商业比赛何时休
作者:苗炜中国国家队在商业比赛中获得的奖杯要比在国际大赛中多一些(赵彤杰 摄)
还有多大的市场
4月9日,北京举行了今年第一场商业比赛,北京国安队战胜了巴西格雷米奥队。当值主裁黄钢在赛后受到了媒介的批评,据悉,中国足协主席袁伟民先生也表示不能用不正当的手段对付外国球队。中国足协的另一位官员在接受电视采访时却维持了他们对裁判一贯的保护,他说,当值主裁虽有误判,但他没有不公正执法的理由。
而一些媒介暗示,存在影响裁判公正执法的可能性。国奥队吉隆坡失利后,商业比赛的市场势必会受到冲击,如果国安队在这场比赛中落败,那么,今年的一系列商业比赛就面临更大的困难。因此,为了保护这个市场,裁判有可能接受某些商业比赛主办者的暗示,帮国安队赢得比赛。
这种推测是符合逻辑的,但中国足协并没有追究此事的意思。当值主裁黄钢在甲A联赛前两轮的比赛中没有露面,这是很有“特色”的一种处理方法,不是针对问题去了解和解决,而是化解。
但是,商业比赛的主办者要面临更大的压力却是不争的事实。在国安队与格雷米奥队交手之前,主办者在工人体育场连续搞了两天“万人签名支持国安”活动,这是促销门票的公关手段。而这一赛事刚结束,下面比赛的承办者就开始了宣传,并将邀请外国裁判作为又一个“卖点”。
应当说,英格兰队的访华是今夏商业比赛中的焦点。其出场费达到了创纪录的40万美元。英格兰队主教练维纳布尔斯在解释为何要球队在欧洲杯比赛前不远万里来华作赛时说,这是因为中国道途遥远,可以阻止喜欢滋事的英国球迷随队出征,而且北京对滋事者严惩不贷的态度,也会使英格兰队能专注于比赛,不受球迷的干扰。

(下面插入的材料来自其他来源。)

lemma take_sampled_decisions:
  assumes "nonneg_input xs" and "u \<in> {0..<1}"
  shows "take i (sampled_decisions xs u) = sampled_decisions (take i xs) u"
proof -
  let ?a = "sampled_decisions xs u"
  have a: "?a \<in> assignments m (length xs)" "u \<in> decision_interval xs ?a"
    using sampled_decisions_spec[OF assms] by auto
  have "take i ?a \<in> assignments m (length (take i xs))"
    using a(1) by (auto simp: assignments_def dest: in_set_takeD)
  moreover have "u \<in> decision_interval (take i xs) (take i ?a)"
    using decision_interval_take_subset[OF assms(1) a(1)] a(2) by blast
  ultimately show ?thesis
    using sampled_decisions_eq_iff[OF nonneg_input_take[OF assms(1)] assms(2)] by metis
qed

definition seeded_alg :: "real \<Rightarrow> real list \<Rightarrow> nat" where
  "seeded_alg u ys = (if nonneg_input ys \<and> ys \<noteq> [] then last (sampled_decisions ys u) else 0)"

lemma decisions_seeded_alg:
  assumes "nonneg_input xs" and "u \<in> {0..<1}"
  shows "decisions (seeded_alg u) xs = sampled_decisions xs u"
proof (rule nth_equalityI)
  show "length (decisions (seeded_alg u) xs) = length (sampled_decisions xs u)"
    using sampled_decisions_spec[OF assms] by (simp add: assignments_def decisions_def)
  fix i assume "i < length (decisions (seeded_alg u) xs)"
  then have i: "i < length xs" by (simp add: decisions_def)
  have "take (Suc i) xs \<noteq> []" using i by (cases xs) auto
  then have "seeded_alg u (take (Suc i) xs) = last (take (Suc i) (sampled_decisions xs u))"
    using nonneg_input_take[OF assms(1)] take_sampled_decisions[OF assms] by (simp add: seeded_alg_def)
  also have "\<dots> = sampled_decisions xs u ! i"
    using i sampled_decisions_spec[OF assms] by (simp add: assignments_def take_Suc_conv_app_nth)
  finally show "decisions (seeded_alg u) xs ! i = sampled_decisions xs u ! i"
    using i by (simp add: decisions_def)
qed

lemma det_alg_seeded_alg:
  assumes "u \<in> {0..<1}"
  shows "det_alg m (seeded_alg u)"
  unfolding det_alg_def
proof (intro allI impI)
  fix xs :: "real list" assume xs: "xs \<noteq> [] \<and> nonneg_input xs"
  then have a: "sampled_decisions xs u \<in> assignments m (length xs)" using sampled_decisions_spec assms by blast
  then have "sampled_decisions xs u \<noteq> []" using xs by (auto simp: assignments_def)
  then have "last (sampled_decisions xs u) \<in> set (sampled_decisions xs u)" by (rule last_in_set)
  then have "last (sampled_decisions xs u) < m" using a by (auto simp: assignments_def)
  then show "seeded_alg u xs < m" using xs by (simp add: seeded_alg_def)
qed

lemma sampled_decisions_preimage:
  assumes "nonneg_input xs" and "a \<in> assignments m (length xs)"
  shows "{u \<in> {0..<1}. sampled_decisions xs u = a} = decision_interval xs a"
proof (intro equalityI subsetI)
  fix u assume "u \<in> {u \<in> {0..<1}. sampled_decisions xs u = a}"
  then show "u \<in> decision_interval xs a" using sampled_decisions_eq_iff[OF assms(1) _ assms(2)] by blast
next
  fix u assume u: "u \<in> decision_interval xs a"
  then have "u \<in> {0..<1}" using decision_interval_subset[OF assms] by blast
  with u show "u \<in> {u \<in> {0..<1}. sampled_decisions xs u = a}"
    using sampled_decisions_eq_iff[OF assms(1) _ assms(2)] by blast
qed

lemma measurable_sampled_decisions:
  assumes "nonneg_input xs"
  shows "sampled_decisions xs \<in> measurable (restrict_space lborel {0..<1}) (count_space UNIV)"
proof (subst measurable_count_space_eq2_countable, intro conjI ballI)
  show "sampled_decisions xs \<in> space (restrict_space lborel {0..<1}) \<rightarrow> UNIV" by simp
  fix a :: "nat list"
  have "sampled_decisions xs -` {a} \<inter> space (restrict_space lborel {0..<1})
      = {u \<in> {0..<1}. sampled_decisions xs u = a}"
    by (auto simp: space_restrict_space)
  also have "\<dots> \<in> sets (restrict_space lborel {0..<1})"
  proof (cases "a \<in> assignments m (length xs)")
    case True
    then show ?thesis
      unfolding sampled_decisions_preimage[OF assms True] using decision_interval_subset[OF assms True]
      by (simp add: sets_restrict_space_iff decision_interval_def)
  next
    case False
    then have "{u \<in> {0..<1}. sampled_decisions xs u = a} = {}" using sampled_decisions_spec[OF assms] by auto
    then show ?thesis by (simp only: sets.empty_sets)
  qed
  finally show "sampled_decisions xs -` {a} \<inter> space (restrict_space lborel {0..<1})
      \<in> sets (restrict_space lborel {0..<1})" .
qed

lemma measurable_seeded_alg:
  "(\<lambda>u. seeded_alg u ys) \<in> measurable (restrict_space lborel {0..<1}) (count_space UNIV)"
proof (cases "nonneg_input ys \<and> ys \<noteq> []")
  case True
  have "(\<lambda>u. last (sampled_decisions ys u)) \<in> measurable (restrict_space lborel {0..<1}) (count_space UNIV)"
    using measurable_sampled_decisions True by (intro measurable_compose[OF _ measurable_count_space]) auto
  then show ?thesis unfolding seeded_alg_def if_P[OF True] .
next
  case False
  show ?thesis unfolding seeded_alg_def if_not_P[OF False] by simp
qed

lemma decision_law_seeded_alg:
  assumes "nonneg_input xs" and "a \<in> assignments m (length xs)"
  shows "decision_law (restrict_space lborel {0..<1}) seeded_alg (xs, a) = P (xs, a)"
proof -
  have "{u \<in> space (restrict_space lborel {0..<1}). decisions (seeded_alg u) xs = a}
      = {u \<in> {0..<1}. sampled_decisions xs u = a}"
    using decisions_seeded_alg[OF assms(1)] by (auto simp: space_restrict_space)
  also have "\<dots> = decision_interval xs a" by (rule sampled_decisions_preimage[OF assms])
  finally have "decision_law (restrict_space lborel {0..<1}) seeded_alg (xs, a)
      = measure (restrict_space lborel {0..<1}) (decision_interval xs a)"
    by (simp add: decision_law_def)
  also have "\<dots> = P (xs, a)"
    using decision_interval_subset[OF assms] law_nonneg[OF assms]
    by (simp add: measure_restrict_space decision_interval_def)
  finally show ?thesis .
qed

lemma measurable_seeded_alg_det_algs:
  "seeded_alg \<in> measurable (restrict_space lborel {0..<1})
    (restrict_space (\<Pi>\<^sub>M ys\<in>UNIV. count_space UNIV) {B. det_alg m B})"
proof (rule measurable_restrict_space2)
  show "seeded_alg \<in> space (restrict_space lborel {0..<1}) \<rightarrow> {B. det_alg m B}"
    by (auto simp: space_restrict_space det_alg_seeded_alg)
  show "seeded_alg \<in> measurable (restrict_space lborel {0..<1}) (\<Pi>\<^sub>M ys\<in>UNIV. count_space UNIV)"
    by (rule measurable_PiM_single') (simp_all add: measurable_seeded_alg)
qed

lemma nn_integral_seeded_alg:
  assumes "0 < m" and xs: "nonneg_input xs"
  shows "(\<integral>\<^sup>+u. ennreal (alg_min_load m (seeded_alg u) xs) \<partial>restrict_space lborel {0..<1})
    = ennreal (expected_min_load m P xs)"
proof -
  interpret U: prob_space "restrict_space lborel {0..<1::real}"
    by (intro prob_space_restrict_space) simp_all
  have "(\<integral>\<^sup>+u. ennreal (alg_min_load m (seeded_alg u) xs) \<partial>restrict_space lborel {0..<1})
      = ennreal (expected_min_load m (decision_law (restrict_space lborel {0..<1}) seeded_alg) xs)"
  proof (rule U.nn_integral_alg_min_load[OF measurable_seeded_alg _ assms])
    fix u i assume "u \<in> space (restrict_space lborel {0..<1::real})" and "i < length xs"
    then have "u \<in> {0..<1}" by (simp add: space_restrict_space)
    then have "decisions (seeded_alg u) xs \<in> assignments m (length xs)"
      using decisions_seeded_alg[OF xs] sampled_decisions_spec[OF xs] by simp
    then show "seeded_alg u (take (Suc i) xs) < m"
      using \<open>i < length xs\<close> by (simp add: assignments_def decisions_def subset_iff)
  qed
  also have "expected_min_load m (decision_law (restrict_space lborel {0..<1}) seeded_alg) xs
      = expected_min_load m P xs"
    unfolding expected_min_load_def by (simp add: decision_law_seeded_alg[OF xs])
  finally show ?thesis .
qed

lemma rand_alg_of_decision_laws:
  assumes "0 < m"
  shows "\<exists>MB. rand_alg m MB \<and> (\<forall>xs. nonneg_input xs \<longrightarrow>
    (\<integral>\<^sup>+D. ennreal (alg_min_load m D xs) \<partial>MB) = ennreal (expected_min_load m P xs))"
proof -
  define U where "U = restrict_space lborel {0..<1::real}"
  define Algs where "Algs = restrict_space (\<Pi>\<^sub>M ys\<in>UNIV. count_space UNIV) {B. det_alg m B}"
  define MB where "MB = distr U Algs seeded_alg"
  interpret U: prob_space U
    unfolding U_def by (intro prob_space_restrict_space) simp_all
  have seeded_alg_meas: "seeded_alg \<in> measurable U Algs"
    unfolding U_def Algs_def by (rule measurable_seeded_alg_det_algs)
  have eval_meas: "(\<lambda>D. D ys) \<in> measurable Algs (count_space UNIV)" for ys
    unfolding Algs_def by (intro measurable_restrict_space1 measurable_component_singleton) simp
  have "rand_alg m MB"
    unfolding rand_alg_def
  proof (intro conjI ballI allI)
    show "prob_space MB" unfolding MB_def using seeded_alg_meas by (rule U.prob_space_distr)
    show "det_alg m D" if "D \<in> space MB" for D
      using that by (simp add: MB_def Algs_def space_restrict_space)
    show "(\<lambda>D. D ys) \<in> measurable MB (count_space UNIV)" for ys
      unfolding MB_def using eval_meas by simp
  qed
  moreover have "(\<integral>\<^sup>+D. ennreal (alg_min_load m D xs) \<partial>MB) = ennreal (expected_min_load m P xs)"
    if xs: "nonneg_input xs" for xs
  proof -
    have "(\<lambda>D. ennreal (assignment_min_load m (decisions D xs) xs)) \<in> borel_measurable Algs"
      using measurable_decisions[OF eval_meas] by (rule measurable_compose) simp
    then have "(\<integral>\<^sup>+D. ennreal (alg_min_load m D xs) \<partial>MB)
        = (\<integral>\<^sup>+u. ennreal (alg_min_load m (seeded_alg u) xs) \<partial>U)"
      unfolding MB_def alg_min_load_decisions using seeded_alg_meas by (simp add: nn_integral_distr)
    also have "\<dots> = ennreal (expected_min_load m P xs)"
      unfolding U_def using assms xs by (rule nn_integral_seeded_alg)
    finally show ?thesis .
  qed
  ultimately show ?thesis by blast
qed

end

lemma rand_alg_of_rand_alg_n:
  assumes MA: "rand_alg_n m MA" and comp: "rand_competitive_n m c MA"
  shows "\<exists>MB. rand_alg m MB \<and> rand_competitive m c MB"
proof -
  have m: "0 < m" using MA by (rule rand_alg_n_pos)
  obtain P where P: "\<And>xs. nonneg_input xs \<Longrightarrow>
      is_decision_law m P xs \<and> OPT m xs / c \<le> expected_min_load m P xs"
    using decision_laws_of_rand_alg_n[OF MA comp] by blast
  interpret decision_laws m P by unfold_locales (use P in blast)
  obtain MB where "rand_alg m MB" and integral: "\<And>xs. nonneg_input xs \<Longrightarrow>
      (\<integral>\<^sup>+D. ennreal (alg_min_load m D xs) \<partial>MB) = ennreal (expected_min_load m P xs)"
    using rand_alg_of_decision_laws[OF m] by blast
  moreover have "rand_competitive m c MB"
    unfolding rand_competitive_def using P integral by (auto intro: ennreal_leI)
  ultimately show ?thesis by blast
qed

theorem proposition18:
  fixes m :: nat and c :: real
  shows "(\<forall>MA. rand_alg_n m MA \<and> rand_competitive_n m c MA \<longrightarrow>
            (\<exists>MB. rand_alg m MB \<and> rand_competitive m c MB))
       \<and> (\<forall>A. det_alg_n m A \<and> det_competitive_n m c A \<longrightarrow>
            (\<exists>B. det_alg m B \<and> det_competitive m c B))"
  using rand_alg_of_rand_alg_n det_alg_of_det_alg_n by blast

end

举办这场比赛,其盈亏点应在500万元人民币。这意味着比赛的广告、出售冠名权、门票这三项收入都应达到200万元左右,从近两年大型商业比赛的运作来看,这场比赛仍旧会盈利。而今年的商业比赛很可能就是以这场球达到最高点,至于排在6月份的比赛,恐怕会受到欧洲国家杯的影响而缺乏吸引力。
萎缩的俱乐部
承办去年中国队对桑普多利亚队比赛的天华公司称,那场比赛只赚了80万元。这很可能是一个偏低的数字。今年,天华公司仍承办了5月16日中国队与拉齐奥队的比赛,而中国足协的认证费、管理费已从去年的20万元涨至40万元,场租费、保安费也有上涨,如果去年只盈利80万元,那么今年这项赛事的投资未免风险过大。
今年商业比赛的一大特点是向系列化发展,这包括已连续3年邀请意大利俱乐部队与中国国家队作赛的中意对抗赛,而请来英格兰队的高德广告公司,去年是把英格兰阿森纳队搬来的,他们希望形成传统的中英对抗赛,在英格兰队许诺来华之前,高德公司与英格兰超级联赛冠军布莱克本队已达成初步意向。

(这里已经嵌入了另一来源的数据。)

lemma gdist_nth_le:
  assumes "walk E p" "i \<le> j" "j < length p"
  shows "gdist E (p ! i) (p ! j) \<le> j - i"
proof -
  let ?q = "take (Suc (j - i)) (drop i p)"
  have "length ?q = Suc (j - i)" using assms by auto
  moreover have "hd ?q = p ! i" using assms by (simp add: hd_drop_conv_nth hd_take)
  moreover have "last ?q = p ! j" using assms by (simp add: last_conv_nth)
  ultimately show ?thesis using gdist_le_length[OF walk_take_drop[OF assms]] by simp
qed

lemma geodesic_length:
  assumes "geodesic E g"
  shows "length g = Suc (gdist E (hd g) (last g))"
  using assms unfolding geodesic_def walk_def by (cases g) auto

lemma setdist_le:
  assumes "finite S" "v \<in> S"
  shows "setdist E x S \<le> gdist E x v"
  using assms unfolding setdist_def by simp

locale graph_metric =
  fixes E :: "'v \<Rightarrow> 'v \<Rightarrow> bool"
  assumes sym: "\<And>x y. E x y \<Longrightarrow> E y x"
    and connected: "\<And>x y. \<exists>p. walk E p \<and> hd p = x \<and> last p = y"
begin

lemma shortest_walk:
  obtains p where "walk E p" "hd p = x" "last p = y" "length p = Suc (gdist E x y)"
proof -
  obtain p where p: "walk E p" "hd p = x" "last p = y" using connected by blast
  then have "\<exists>n p. walk E p \<and> hd p = x \<and> last p = y \<and> length p = Suc n"
    by (intro exI[of _ "length p - 1"] exI[of _ p]) (auto simp: walk_def)
  from LeastI_ex[OF this] show ?thesis using that unfolding gdist_def by blast
qed

lemma walk_through:
  obtains p where "walk E p" "hd p = x" "last p = z" "y \<in> set p"
    "length p = Suc (gdist E x y + gdist E y z)"
proof -
  obtain p where p: "walk E p" "hd p = x" "last p = y" "length p = Suc (gdist E x y)"
    using shortest_walk .
  obtain q where q: "walk E q" "hd q = y" "last q = z" "length q = Suc (gdist E y z)"
    using shortest_walk .
  have "p \<noteq> []" "q \<noteq> []" using p q by (auto simp: walk_def)
  moreover have "last (p @ tl q) = z"
    using p q \<open>q \<noteq> []\<close> by (cases q) (auto simp: last_append)
  ultimately show ?thesis
    using that[OF walk_append_tl[OF p(1) q(1)]] p q last_in_set[of p] by simp
qed

lemma gdist_triangle: "gdist E x z \<le> gdist E x y + gdist E y z"
proof -
  obtain p where "walk E p" "hd p = x" "last p = z" "length p = Suc (gdist E x y + gdist E y z)"
    using walk_through .
  then show ?thesis using gdist_le_length by fastforce
qed

lemma gdist_commute: "gdist E x y = gdist E y x"
proof -
  have le: "gdist E u w \<le> gdist E w u" for u w
  proof -
    obtain p where p: "walk E p" "hd p = w" "last p = u" "length p = Suc (gdist E w u)"
      using shortest_walk .
    then have "p \<noteq> []" by (simp add: walk_def)
    then show ?thesis using gdist_le_length[OF walk_rev[OF sym p(1)]] p
      by (simp add: hd_rev last_rev)
  qed
  show ?thesis using le[of x y] le[of y x] by simp
qed

lemma geodesic_gdist_nth:
  assumes g: "geodesic E g" and i: "i < length g"
  shows "gdist E (hd g) (g ! i) = i" "gdist E (g ! i) (last g) = length g - 1 - i"
proof -
  have w: "walk E g" using g by (simp add: geodesic_def)
  then have "g \<noteq> []" by (simp add: walk_def)
  then have "gdist E (hd g) (g ! i) \<le> i" "gdist E (g ! i) (last g) \<le> length g - 1 - i"
    using gdist_nth_le[OF w, of 0 i] gdist_nth_le[OF w, of i "length g - 1"] i
    by (auto simp: hd_conv_nth last_conv_nth)
  moreover have "gdist E (hd g) (last g) \<le> gdist E (hd g) (g ! i) + gdist E (g ! i) (last g)"
    by (rule gdist_triangle)
  ultimately show "gdist E (hd g) (g ! i) = i" "gdist E (g ! i) (last g) = length g - 1 - i"
    using geodesic_length[OF g] i by linarith+
qed

lemma geodesic_gdist_sum:
  assumes "geodesic E g" "v \<in> set g"
  shows "gdist E (hd g) v + gdist E v (last g) = gdist E (hd g) (last g)"
  using assms geodesic_gdist_nth[OF assms(1)] geodesic_length[OF assms(1)]
  by (auto simp: in_set_conv_nth)

lemma detour_le_near_geodesic:
  assumes v: "gdist E a' v + gdist E v b' = gdist E a' b'"
    and near: "gdist E a a' \<le> r" "gdist E b b' \<le> r"
  shows "gdist E a v + gdist E v b \<le> gdist E a b + 4 * r"
  using v near gdist_triangle[of a v a'] gdist_triangle[of v b b'] gdist_triangle[of a' b' a]
    gdist_triangle[of a b' b] gdist_commute[of a' a] gdist_commute[of b' b]
  by linarith

lemma geodesic_vertex_shift:
  assumes g: "geodesic E g" "hd g = a" "last g = b" and c: "c \<in> set g"
    and ma: "m \<le> gdist E a c + e" and mb: "m \<le> gdist E b c + e" and far: "2 * m \<le> gdist E a b"
  shows "\<exists>c'\<in>set g. m \<le> gdist E a c' \<and> m \<le> gdist E b c' \<and> gdist E c c' \<le> e"
proof -
  define D where "D = gdist E a b"
  have len: "length g = Suc D" using geodesic_length[OF g(1)] g by (simp add: D_def)
  have pos: "gdist E a (g ! i) = i" "gdist E b (g ! i) = D - i" if "i \<le> D" for i
    using geodesic_gdist_nth[OF g(1), of i] that g len by (auto simp: gdist_commute)
  obtain t where t: "t \<le> D" "c = g ! t" using c len by (metis in_set_conv_nth less_Suc_eq_le)
  define t' where "t' = max m (min t (D - m))"
  have t': "m \<le> t'" "t' \<le> D - m" "t' \<le> t + e" "t \<le> t' + e"
    using ma mb far t(1) pos[OF t(1)] unfolding t(2) t'_def D_def by (auto simp: max_def min_def)
  have w: "walk E g" and t'_len: "t' < length g" using g(1) t' len by (simp_all add: geodesic_def)
  have "gdist E (g ! t) (g ! t') \<le> e"
  proof (cases "t \<le> t'")
    case True
    then show ?thesis using gdist_nth_le[OF w True t'_len] t' by linarith
  next
    case False
    then show ?thesis using gdist_nth_le[of E g t' t] w t len t'
      by (simp add: gdist_commute)
  qed
  then show ?thesis using t' t'_len pos[of t'] t by (intro bexI[of _ "g ! t'"]) auto
qed

lemma walk_nth_gdist_ge:
  assumes p: "walk E p" "length p \<le> Suc (gdist E (hd p) (last p) + c)"
    and ij: "i \<le> j" "j < length p"
  shows "j - i \<le> gdist E (p ! i) (p ! j) + c"
proof -
  have "p \<noteq> []" using p by (simp add: walk_def)
  then have "gdist E (hd p) (p ! i) \<le> i" "gdist E (p ! j) (last p) \<le> length p - 1 - j"
    using gdist_nth_le[OF p(1), of 0 i] gdist_nth_le[OF p(1), of j "length p - 1"] ij
    by (auto simp: hd_conv_nth last_conv_nth)
  moreover have "gdist E (hd p) (last p)
      \<le> gdist E (hd p) (p ! i) + gdist E (p ! i) (p ! j) + gdist E (p ! j) (last p)"
    using gdist_triangle[of "hd p" "last p" "p ! i"] gdist_triangle[of "p ! i" "last p" "p ! j"]
    by linarith
  ultimately show ?thesis using p(2) ij by linarith
qed

lemma quasi_geodesic_if_short_walk:
  assumes p: "walk E p" "length p \<le> Suc (gdist E (hd p) (last p) + c)"
    and lam: "1 \<le> lam" "real c \<le> lam\<^sup>2"
  shows "quasi_geodesic E lam p"
proof -
  have bounds: "real (gdist E (p ! i) (p ! j)) \<le> lam * \<bar>real i - real j\<bar> + lam \<and>
      \<bar>real i - real j\<bar> \<le> lam * (real (gdist E (p ! i) (p ! j)) + lam)"
    if ij: "i \<le> j" "j < length p" for i j
  proof -
    define x where "x = real (gdist E (p ! i) (p ! j))"
    define y where "y = real j - real i"
    have "x \<le> y" "y \<le> x + real c"
      using gdist_nth_le[OF p(1) ij] walk_nth_gdist_ge[OF p ij] ij
      unfolding x_def y_def by (simp_all add: of_nat_diff)
    moreover have "0 \<le> x" by (simp add: x_def)
    moreover have "x \<le> lam * x" "y \<le> lam * y"
      using mult_right_mono[OF lam(1), of x] mult_right_mono[OF lam(1), of y] \<open>x \<le> y\<close> \<open>0 \<le> x\<close>
      by simp_all
    moreover have "lam * (x + lam) = lam * x + lam\<^sup>2" by (simp add: algebra_simps power2_eq_square)
    moreover have "\<bar>real i - real j\<bar> = y" using ij by (simp add: y_def)
    ultimately show ?thesis using lam unfolding x_def[symmetric] by auto
  qed
  show ?thesis
    unfolding quasi_geodesic_def
  proof (intro conjI allI impI)
    show "p \<noteq> []" using p by (simp add: walk_def)
    fix i j assume "i < length p \<and> j < length p"
    then show "real (gdist E (p ! i) (p ! j)) \<le> lam * \<bar>real i - real j\<bar> + lam"
      "\<bar>real i - real j\<bar> \<le> lam * (real (gdist E (p ! i) (p ! j)) + lam)"
      using bounds[of i j] bounds[of j i] gdist_commute[of "p ! i" "p ! j"]
      by (cases "i \<le> j"; simp add: abs_minus_commute)+
  qed
qed

end

locale hyperbolic_graph = graph_metric +
  fixes \<delta> :: nat
  assumes hyperbolic: "gromov_hyperbolic E \<delta>"
begin

lemma four_point:
  "gdist E x y + gdist E z w
     \<le> max (gdist E x z + gdist E y w) (gdist E x w + gdist E y z) + 2 * \<delta>"
  using hyperbolic unfolding gromov_hyperbolic_def by blast

lemma small_detour_near_geodesic:
  assumes g: "geodesic E g" "hd g = a" "last g = b"
    and detour: "gdist E a v + gdist E v b \<le> gdist E a b + 4 * \<delta>"
  shows "\<exists>c\<in>set g. gdist E v c \<le> 4 * \<delta>"
proof -
  define D where "D = gdist E a b"
  define A where "A = gdist E a v"
  define B where "B = gdist E b v"
  have len: "length g = Suc D" using geodesic_length[OF g(1)] g by (simp add: D_def)
  have "B \<le> A + D" "A \<le> D + B"
    using gdist_triangle[of b v a] gdist_triangle[of a v b] gdist_commute[of a b]
    unfolding A_def B_def D_def by linarith+
  define t where "t = (A + D - B) div 2"
  have t: "t < length g" "2 * t \<le> A + D - B" "A + D - B \<le> 2 * t + 1"
    using \<open>B \<le> A + D\<close> \<open>A \<le> D + B\<close> len unfolding t_def by auto
  have pos: "gdist E a (g ! t) = t" "gdist E b (g ! t) = D - t"
    using geodesic_gdist_nth[OF g(1) t(1)] g len by (auto simp: gdist_commute)
  text \<open>t is the Gromov product (v|b) at a, so g ! t is the centre of the triangle a b v on g.\<close>
  have "gdist E a b + gdist E v (g ! t)
      \<le> max (gdist E a v + gdist E b (g ! t)) (gdist E a (g ! t) + gdist E b v) + 2 * \<delta>"
    by (rule four_point)
  then have "gdist E v (g ! t) \<le> 4 * \<delta>"
    using detour t pos \<open>B \<le> A + D\<close> \<open>A \<le> D + B\<close> gdist_commute[of v b]
    unfolding A_def[symmetric] B_def[symmetric] D_def[symmetric] max_def
    by (auto split: if_splits)
  then show ?thesis using t(1) by (intro bexI[of _ "g ! t"]) auto
qed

事实上,作为全国唯一一座能确保商业比赛赢利的城市,北京应在足球市场的规范化上领先一步。足球走向市场,意味着球队、俱乐部能通过比赛赚钱,而不是把利润拱手让与各种广告公司。
北京国安队在1995年共进行了5场商业比赛,如果由国安俱乐部掌握比赛的主办权,那么有可能每场比赛赚回200万元,全年收入为1000万元。这个数字是去年甲A联赛俱乐部投入的上限,有了这笔钱,国安俱乐部就可以做到“以球养球”,走上良性循环的轨道。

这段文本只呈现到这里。